Issue Whether the defendant, by reason of the contract hereinbefore transcribed, was a purchaser
or an agent of the plaintiff for the sale of his beds.
Rulings NO. This Court ruled that the contract by and between the plaintiff and the defendant was
one of purchase and sale. There was the obligation on the part of the plaintiff to supply the
beds, and, on the part of the defendant, to pay their price. These features exclude the legal
conception of an agency or order to sell whereby the mandatory or agent received the thing
to sell it, and does not pay its price, but delivers to the principal the price he obtains from
the sale of the thing to a third person, and if he does not succeed in selling it, he returns it.

Case Title Commissioner of Internal Revenue G.R. No.
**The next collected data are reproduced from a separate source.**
lemma active_constraints_half_open_hypersimplex:
  assumes "q \<in> half_open_hypersimplex k"
  shows "hs_active k q =
    face_constraints (coords_one q) (coords_fractional q) ((\<Sum>i\<in>UNIV. q $ i) = real k)"
proof (rule set_eqI)
  fix c
  have bounds: "0 \<le> q $ i \<and> q $ i \<le> 1" for i
    using assms by (simp add: half_open_hypersimplex_def)
  have "(\<Sum>i\<in>UNIV. q $ i) \<noteq> real k - 1"
    using assms by (simp add: half_open_hypersimplex_def)
  then show "c \<in> hs_active k q \<longleftrightarrow>
      c \<in> face_constraints (coords_one q) (coords_fractional q) ((\<Sum>i\<in>UNIV. q $ i) = real k)"
  proof (cases c)
    case (Coord_nonneg i)
    then show ?thesis
      using bounds[of i] by (auto simp: active_constraints_def coords_one_def coords_fractional_def)
  qed (auto simp: active_constraints_def coords_one_def)
qed

lemma sum_coords_split:
  assumes "\<forall>i. 0 \<le> q $ i \<and> q $ i \<le> 1"
  shows "(\<Sum>i\<in>UNIV. q $ i) = real (card (coords_one q)) + (\<Sum>i\<in>coords_fractional q. q $ i)"
proof -
  have "(\<Sum>i\<in>UNIV. q $ i) = (\<Sum>i\<in>coords_one q \<union> coords_fractional q. q $ i)"
    using assms by (intro sum.mono_neutral_right) (auto simp: coords_one_def coords_fractional_def less_le)
  also have "\<dots> = (\<Sum>i\<in>coords_one q. q $ i) + (\<Sum>i\<in>coords_fractional q. q $ i)"
    by (rule sum.union_disjoint) (auto simp: coords_one_def coords_fractional_def)
  also have "(\<Sum>i\<in>coords_one q. q $ i) = real (card (coords_one q))"
    by (simp add: coords_one_def)
  finally show ?thesis .
qed
(* Jacobi conditions (0-based indices: d_1 is D$$(0,0)) *)
definition jacobi_bounds :: "nat \<Rightarrow> real \<Rightarrow> real mat \<Rightarrow> real mat \<Rightarrow> bool" where
  "jacobi_bounds n u L D \<longleftrightarrow>
     (\<forall>i<n. \<forall>j<i. \<bar>L $$ (i, j)\<bar> < u) \<and>
     (0 < n \<longrightarrow> 1 < u * D $$ (0, 0)) \<and>
     (\<forall>i. i + 1 < n \<longrightarrow> D $$ (i, i) < u * D $$ (i + 1, i + 1))"

definition siegel_set :: "nat \<Rightarrow> real \<Rightarrow> (real mat \<times> real mat) set" where
  "siegel_set g u = {(X, Y). (X, Y) \<in> siegel_space g \<and>
     (\<forall>i<g. \<forall>j<g. \<bar>X $$ (i, j)\<bar> < u) \<and>
     (\<exists>L D. jacobi_decomp g Y L D \<and> jacobi_bounds g u L D)}"

definition siegel_set_plus :: "nat \<Rightarrow> real \<Rightarrow> real mat set" where
  "siegel_set_plus g u = {Y. pos_def_mat g Y \<and>
     (\<exists>L D. jacobi_decomp g Y L D \<and> jacobi_bounds g u L D)}"

end

theory Submission
  imports Defs "Jordan_Normal_Form.Determinant"
begin
(* Let $k\ge1$, $a_0,a_1,\dots,a_m\in\mathbb{R}^{2k}$, and let $p(x)=a_m\circledast x^m+a_{m-1}\circledast x^{m-1}+\dots+a_1\circledast x+a_0$ for $x\in\mathbb{R}^{2k}$, where $x^j$ denotes the $j$-fold $\circledast$-product of $x$ with itself. Writing $p=[p_1,\dots,p_{2k}]$, each component $p_j$ is a harmonic polynomial on $\mathbb{R}^{2k}$, i.e. a real polynomial in $x_1,\dots,x_{2k}$ with $\sum_{i=1}^{2k}\partial^2p_j/\partial x_i^2=0$.
   Context: Let $n=2k$ and let $\mathfrak g$ be the real $n\times n$ matrix with $\mathfrak g_{i,i+1}=1$ ($1\le i\le n-1$), $\mathfrak g_{n,1}=-1$, other entries $0$. For $u\in\mathbb{R}^n$ set $\varsigma(u)=\sum_{\ell=1}^n u_\ell\mathfrak g^{\ell-1}$ and $u\circledast v=\varsigma^{-1}(\varsigma(u)\varsigma(v))$; this is a commutative associative algebra with identity $e_1$. *)

theory Defs
  imports "HOL-Analysis.Analysis"
begin

text \<open>Vectors in R^n are modelled as functions nat => real, component i (0-based)
  standing for the paper's component i+1; only components below n are meaningful.
  n x n matrices are modelled as nat => nat => real (0-based indices below n).\<close>

definition vspace :: "nat \<Rightarrow> (nat \<Rightarrow> real) set" where
  "vspace n = {u. \<forall>j\<ge>n. u j = 0}"

definition mat_mult :: "nat \<Rightarrow> (nat \<Rightarrow> nat \<Rightarrow> real) \<Rightarrow> (nat \<Rightarrow> nat \<Rightarrow> real) \<Rightarrow> nat \<Rightarrow> nat \<Rightarrow> real" where
  "mat_mult n A B = (\<lambda>i j. \<Sum>l<n. A i l * B l j)"

definition mat_id :: "nat \<Rightarrow> nat \<Rightarrow> nat \<Rightarrow> real" where
  "mat_id n = (\<lambda>i j. if i = j \<and> i < n then 1 else 0)"

fun mat_pow :: "nat \<Rightarrow> (nat \<Rightarrow> nat \<Rightarrow> real) \<Rightarrow> nat \<Rightarrow> nat \<Rightarrow> nat \<Rightarrow> real" where
  "mat_pow n A 0 = mat_id n"
| "mat_pow n A (Suc m) = mat_mult n A (mat_pow n A m)"

definition gmat :: "nat \<Rightarrow> nat \<Rightarrow> nat \<Rightarrow> real" where
  "gmat n = (\<lambda>i j. if i + 1 < n \<and> j = i + 1 then 1
                   else if 0 < n \<and> i = n - 1 \<and> j = 0 then -1 else 0)"

definition vsig :: "nat \<Rightarrow> (nat \<Rightarrow> real) \<Rightarrow> nat \<Rightarrow> nat \<Rightarrow> real" where
  "vsig n u = (\<lambda>i j. \<Sum>l<n. u l * mat_pow n (gmat n) l i j)"

definition cmult :: "nat \<Rightarrow> (nat \<Rightarrow> real) \<Rightarrow> (nat \<Rightarrow> real) \<Rightarrow> nat \<Rightarrow> real" where
  "cmult n u v = (THE w. w \<in> vspace n \<and> vsig n w = mat_mult n (vsig n u) (vsig n v))"

definition e1 :: "nat \<Rightarrow> real" where
  "e1 = (\<lambda>j. if j = 0 then 1 else 0)"

fun cpow :: "nat \<Rightarrow> (nat \<Rightarrow> real) \<Rightarrow> nat \<Rightarrow> nat \<Rightarrow> real" where
  "cpow n x 0 = e1"
| "cpow n x (Suc m) = cmult n x (cpow n x m)"

definition cpoly :: "nat \<Rightarrow> (nat \<Rightarrow> nat \<Rightarrow> real) \<Rightarrow> nat \<Rightarrow> (nat \<Rightarrow> real) \<Rightarrow> nat \<Rightarrow> real" where
  "cpoly n a m x = (\<lambda>j. \<Sum>i\<le>m. cmult n (a i) (cpow n x i) j)"

definition real_poly_fun :: "nat \<Rightarrow> ((nat \<Rightarrow> real) \<Rightarrow> real) \<Rightarrow> bool" where
  "real_poly_fun n f \<longleftrightarrow> (\<exists>S c. finite S \<and> (\<forall>\<alpha>\<in>S. \<forall>i\<ge>n. \<alpha> i = 0) \<and>
      (\<forall>x. f x = (\<Sum>\<alpha>\<in>S. c \<alpha> * (\<Prod>i<n. x i ^ \<alpha> i))))"

definition partial_d :: "nat \<Rightarrow> ((nat \<Rightarrow> real) \<Rightarrow> real) \<Rightarrow> (nat \<Rightarrow> real) \<Rightarrow> real" where
  "partial_d i f = (\<lambda>x. deriv (\<lambda>t. f (x(i := t))) (x i))"

definition laplacian :: "nat \<Rightarrow> ((nat \<Rightarrow> real) \<Rightarrow> real) \<Rightarrow> (nat \<Rightarrow> real) \<Rightarrow> real" where
  "laplacian n f = (\<lambda>x. \<Sum>i<n. partial_d i (partial_d i f) x)"

definition harmonic_poly :: "nat \<Rightarrow> ((nat \<Rightarrow> real) \<Rightarrow> real) \<Rightarrow> bool" where
  "harmonic_poly n f \<longleftrightarrow> real_poly_fun n f \<and> (\<forall>x. laplacian n f x = 0)"

end

theory Submission
  imports Defs
begin

(* Via \<sigma>, (R^2k, \<circledast>) is the commutative algebra R[g], in which g^2k = -I and the unit
  vector e_i corresponds to g^(i-1). Since \<circledast> is bilinear with constant structure
  coefficients, every component of p is a real polynomial, and the product rule gives
  \<partial>p/\<partial>x_i (x) = p'(x) \<circledast> e_i. Hence \<Delta>p(x) = p''(x) \<circledast> \<Sum>_(i<2k) g^2i, and this sum
  vanishes because g^2(i+k) = -g^2i. *)

abbreviation gpow :: "nat \<Rightarrow> nat \<Rightarrow> nat \<Rightarrow> nat \<Rightarrow> real" where
  "gpow n l \<equiv> mat_pow n (gmat n) l"

lemma gmat_mult_row:
  assumes "0 < n"
  shows "(\<Sum>l<n. gmat n i l * X l) = (if i + 1 < n then X (i + 1) else if i = n - 1 then - X 0 else 0)"
proof -
  consider "i + 1 < n" | "i = n - 1" | "n \<le> i" by linarith
  then show ?thesis
  proof cases
    case 1
    then have "gmat n i l * X l = (if l = i + 1 then X l else 0)" for l
      by (auto simp: gmat_def)
    with 1 show ?thesis by simp
  next
    case 2
    then have "gmat n i l * X l = (if l = 0 then - X l else 0)" for l
      using assms by (auto simp: gmat_def)
    with 2 assms show ?thesis by simp
  next
    case 3
    then show ?thesis using assms by (simp add: gmat_def)
  qed
qed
v. Engineering Equipment and | Date G.R. No. L-27044 | June 30, 1975
Supply Co.
Facts The Commissioner contends that Engineering is a manufacturer and seller of air
conditioning units and parts or accessories thereof and, therefore, it is subject to the 30%
advance sales tax prescribed by Section 185(m) of the Tax Code. Engineering claims that it
is not a manufacturer and setter of air-conditioning units and spare parts or accessories
thereof subject to tax under Section 185(m) of the Tax Code, but a contractor engaged in
the design, supply and installation of the central type of air-conditioning system subject to
the 3% tax imposed by Section 191 of the same Code, which is essentially a tax on the sale
of services or labor of a contractor rather than on the sale of articles subject to the tax
referred to in Sections 184, 185 and 186 of the Code.
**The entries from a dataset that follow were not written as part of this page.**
primrec pbw_filt :: "(complex \<Rightarrow> 'v::ab_group_add \<Rightarrow> 'v) \<Rightarrow> ('g \<Rightarrow> int \<Rightarrow> 'v \<Rightarrow> 'v) \<Rightarrow> 'v \<Rightarrow> nat \<Rightarrow> 'v set" where
  "pbw_filt sv \<rho> v0 0 = module.span sv {v0}"
| "pbw_filt sv \<rho> v0 (Suc m) =
     module.span sv (pbw_filt sv \<rho> v0 m \<union> {\<rho> x (- i) w | x i w. 0 < i \<and> w \<in> pbw_filt sv \<rho> v0 m})"

definition vN :: "('g \<Rightarrow> int \<Rightarrow> 'v \<Rightarrow> 'v) \<Rightarrow> 'g \<Rightarrow> nat \<Rightarrow> 'v \<Rightarrow> 'v" where
  "vN \<rho> e N v0 = (\<rho> e (- int N) ^^ N) v0"

text \<open>U(g \<otimes> C[t]) v : the smallest subspace containing v and stable under all x \<otimes> t^i, i \<ge> 0.\<close>
definition cyclic_pos :: "(complex \<Rightarrow> 'v::ab_group_add \<Rightarrow> 'v) \<Rightarrow> ('g \<Rightarrow> int \<Rightarrow> 'v \<Rightarrow> 'v) \<Rightarrow> 'v \<Rightarrow> 'v set" where
  "cyclic_pos sv \<rho> v = \<Inter>{W. module.subspace sv W \<and> v \<in> W \<and>
       (\<forall>x i w. 0 \<le> i \<and> w \<in> W \<longrightarrow> \<rho> x i w \<in> W)}"

text \<open>t^N-filtration: G^0 = U(g\<otimes>C[t]) v, G^(j+1) = (g \<otimes> t^N C[t]) U^j v
  = span{(x\<otimes>t^i) w : i \<ge> N, w \<in> G^j}.\<close>
primrec tN_filt :: "(complex \<Rightarrow> 'v::ab_group_add \<Rightarrow> 'v) \<Rightarrow> ('g \<Rightarrow> int \<Rightarrow> 'v \<Rightarrow> 'v) \<Rightarrow> nat \<Rightarrow> 'v \<Rightarrow> nat \<Rightarrow> 'v set" where
  "tN_filt sv \<rho> N v 0 = cyclic_pos sv \<rho> v"
| "tN_filt sv \<rho> N v (Suc j) =
     module.span sv {\<rho> x i w | x i w. int N \<le> i \<and> w \<in> tN_filt sv \<rho> N v j}"

end

theory Submission
  imports Defs
begin

text \<open>Let H_k be the PBW filtration built only from the creation modes x \<otimes> t^(-j)
  with 0 < j \<le> N; clearly H_k \<subseteq> F_k and v_N \<in> H_N. Commuting a mode x \<otimes> t^i past
  y \<otimes> t^(-j) produces [x,y] \<otimes> t^(i-j) plus a central term. For i \<ge> 0 this shows that H_k
  is stable under g \<otimes> C[t], so D(N) = G^0 \<subseteq> H_N; for i \<ge> N the mode i - j is
  nonnegative, so x \<otimes> t^i maps H_(k+1) into H_k, and by induction G^m \<subseteq> H_(N-m) \<subseteq> F_(N-m).\<close>

primrec bounded_pbw_filt ::
  "(complex \<Rightarrow> 'v::ab_group_add \<Rightarrow> 'v) \<Rightarrow> ('g \<Rightarrow> int \<Rightarrow> 'v \<Rightarrow> 'v) \<Rightarrow> 'v \<Rightarrow> nat \<Rightarrow> nat \<Rightarrow> 'v set" where
  "bounded_pbw_filt sv \<rho> v0 N 0 = module.span sv {v0}"
| "bounded_pbw_filt sv \<rho> v0 N (Suc k) =
     module.span sv (bounded_pbw_filt sv \<rho> v0 N k \<union>
       {\<rho> x (- j) w | x j w. 0 < j \<and> j \<le> int N \<and> w \<in> bounded_pbw_filt sv \<rho> v0 N k})"
(* Let $\mathfrak g$ be an $n$-dimensional filiform Lie algebra with associated triple $(z_1,n-2,n)$, $z_1<n-2$, with parameters $\alpha_1,\dots,\alpha_{n-z_1-1},\gamma_1,\beta_{k,2}$ with respect to an adapted basis, and let $p=\lfloor(n-z_1-1)/2\rfloor$. Then there exists an adapted basis $\{f_1,\dots,f_n\}$ of $\mathfrak g$ in which the law is: $[f_1,f_h]=f_{h-1}$ ($3\le h\le n$); $[f_{z_1},f_n]=f_2$; $[f_{z_1+i},f_{n-1}]=0$ for $0\le i<p$; $[f_{z_1+i},f_{n-1}]=\frac{\alpha_{p+1}}{\gamma_1}f_{i-p+2}+\frac{\alpha_{p+2}}{\gamma_1}f_{i-p+1}+\dots+\frac{\alpha_{i+1}}{\gamma_1}f_2$ for $p\le i\le n-2-z_1$; $[f_{z_1+k},f_n]=\sum_{h=2}^{k+2}\overline P_h([f_{z_1+k-1},f_n]+[f_{z_1+k},f_{n-1}])f_{h+1}+\frac{\beta_{k,2}}{\gamma_1}f_2$ for $1\le k\le n-z_1-1$, where $\overline P_h$ is the $h$-th coordinate with respect to $\{f_h\}$; all other brackets $[f_a,f_b]$, $2\le a<b\le n$, are zero. (Equivalently, the parameters with respect to $\{f_h\}$ are $\gamma_1^{-1}$ times the original ones, so that the new $\gamma_1$ equals $1$.)
   Context: All Lie algebras are over $\mathbb C$; $C^1\mathfrak g=\mathfrak g$, $C^k\mathfrak g=[C^{k-1}\mathfrak g,\mathfrak g]$. A Lie algebra is filiform if $\dim\mathfrak g=n\ge2$ and $\dim C^k\mathfrak g=n-k$ for $2\le k\le n$. An adapted basis of a filiform $\mathfrak g$ is a basis $\{e_1,\dots,e_n\}$ with $[e_1,e_h]=e_{h-1}$ ($3\le h\le n$), $[e_2,e_h]=0$ ($1\le h\le n$), $[e_3,e_h]=0$ ($2\le h\le n$). For non-model filiform $\mathfrak g$, $z_1=\min\{k\ge4:[e_k,e_n]\ne0\}$, $z_2=\min\{k\ge4:[e_k,e_{k+1}]\ne0\}$ (in any adapted basis) are invariants; $(z_1,z_2,n)$ is the associated triple. $P_h(u)$ is the $h$-th coordinate of $u$ in the basis $\{e_h\}$. General law when $z_2=n-2$ (known result): there exist complex numbers $\alpha_1,\dots,\alpha_{n-z_1-1}$, $\gamma_1$, $\beta_{k,2}$ ($1\le k<n-z_1$), the parameters, such that $[e_1,e_h]=e_{h-1}$ ($3\le h\le n$); $[e_{z_1+i},e_{n-1}]=\alpha_1e_{i+2}+\dots+\alpha_{i+1}e_2$ ($0\le i\le n-2-z_1$); $[e_{z_1},e_n]=\alpha_1e_3+\gamma_1e_2$; $[e_{z_1+k},e_n]=\sum_{h=2}^{k+2}P_h([e_{z_1+k-1},e_n]+[e_{z_1+k},e_{n-1}])e_{h+1}+\beta_{k,2}e_2$ ($1\le k<n-z_1$); all other brackets $[e_a,e_b]$, $2\le a<b\le n$, are zero. It is known (for this triple) that $\alpha_1=\dots=\alpha_p=0$ and $\gamma_1\ne0$. *)

theory Defs
  imports Complex_Main
begin

definition lie_algebra :: "(complex \<Rightarrow> 'v::ab_group_add \<Rightarrow> 'v) \<Rightarrow> ('v \<Rightarrow> 'v \<Rightarrow> 'v) \<Rightarrow> bool" where
  "lie_algebra sc br \<longleftrightarrow>
     vector_space sc \<and>
     (\<forall>x. Vector_Spaces.linear sc sc (br x)) \<and>
     (\<forall>y. Vector_Spaces.linear sc sc (\<lambda>x. br x y)) \<and>
     (\<forall>x. br x x = 0) \<and>
     (\<forall>x y z. br x (br y z) + br y (br z x) + br z (br x y) = 0)"

text \<open>Lower central series: lcs 1 = g, lcs k = [lcs (k-1), g] (span of brackets).
 (lcs 0 is also set to g; it is never used.)\<close>

fun lcs :: "(complex \<Rightarrow> 'v::ab_group_add \<Rightarrow> 'v) \<Rightarrow> ('v \<Rightarrow> 'v \<Rightarrow> 'v) \<Rightarrow> nat \<Rightarrow> 'v set" where
  "lcs sc br 0 = UNIV"
| "lcs sc br (Suc 0) = UNIV"
| "lcs sc br (Suc (Suc k)) = module.span sc {br x y | x y. x \<in> lcs sc br (Suc k)}"

definition filiform :: "(complex \<Rightarrow> 'v::ab_group_add \<Rightarrow> 'v) \<Rightarrow> ('v \<Rightarrow> 'v \<Rightarrow> 'v) \<Rightarrow> nat \<Rightarrow> bool" where
  "filiform sc br n \<longleftrightarrow> n \<ge> 2 \<and> vector_space.dim sc (UNIV :: 'v set) = n \<and>
     (\<forall>k. 2 \<le> k \<and> k \<le> n \<longrightarrow> vector_space.dim sc (lcs sc br k) = n - k)"

definition is_basis :: "(complex \<Rightarrow> 'v::ab_group_add \<Rightarrow> 'v) \<Rightarrow> nat \<Rightarrow> (nat \<Rightarrow> 'v) \<Rightarrow> bool" where
  "is_basis sc n e \<longleftrightarrow> inj_on e {1..n} \<and> \<not> module.dependent sc (e ` {1..n}) \<and>
     module.span sc (e ` {1..n}) = UNIV"

definition adapted_basis :: "(complex \<Rightarrow> 'v::ab_group_add \<Rightarrow> 'v) \<Rightarrow> ('v \<Rightarrow> 'v \<Rightarrow> 'v) \<Rightarrow> nat \<Rightarrow> (nat \<Rightarrow> 'v) \<Rightarrow> bool" where
  "adapted_basis sc br n e \<longleftrightarrow> is_basis sc n e \<and>
     (\<forall>h. 3 \<le> h \<and> h \<le> n \<longrightarrow> br (e 1) (e h) = e (h - 1)) \<and>
     (\<forall>h. 1 \<le> h \<and> h \<le> n \<longrightarrow> br (e 2) (e h) = 0) \<and>
     (\<forall>h. 2 \<le> h \<and> h \<le> n \<longrightarrow> br (e 3) (e h) = 0)"

definition coord :: "(complex \<Rightarrow> 'v::ab_group_add \<Rightarrow> 'v) \<Rightarrow> nat \<Rightarrow> (nat \<Rightarrow> 'v) \<Rightarrow> nat \<Rightarrow> 'v \<Rightarrow> complex" where
  "coord sc n e h u = module.representation sc (e ` {1..n}) u (e h)"

definition has_triple :: "('v::ab_group_add \<Rightarrow> 'v \<Rightarrow> 'v) \<Rightarrow> nat \<Rightarrow> (nat \<Rightarrow> 'v) \<Rightarrow> nat \<Rightarrow> nat \<Rightarrow> bool" where
  "has_triple br n e z1 z2 \<longleftrightarrow>
     4 \<le> z1 \<and> br (e z1) (e n) \<noteq> 0 \<and> (\<forall>k. 4 \<le> k \<and> k < z1 \<longrightarrow> br (e k) (e n) = 0) \<and>
     4 \<le> z2 \<and> br (e z2) (e (z2 + 1)) \<noteq> 0 \<and> (\<forall>k. 4 \<le> k \<and> k < z2 \<longrightarrow> br (e k) (e (k + 1)) = 0)"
Issue Whether Engineering made a manufacture and sell of air-conditioning units and liable to
the advance sales tax under Section 185(m).
Rulings NO. This Court ruled that pursuant to Art. 1467. A contract for the delivery at a certain
price of an article which the vendor in the ordinary course of his business manufactures or
procures for the general market, whether the same is on hand at the time or not, is a
contract of sale, but if the goods are to be manufactured specially for the customer and
upon his special order and not for the general market, it is a contract for a piece of work. In
this case, Engineering did not manufacture air conditioning units for sale to the general
public, but imported some which were used in executing contracts entered into by it. Thus,
it definitely did not and was not engaged in the manufacture of air conditioning units but
had its services contracted for the installation of a central system.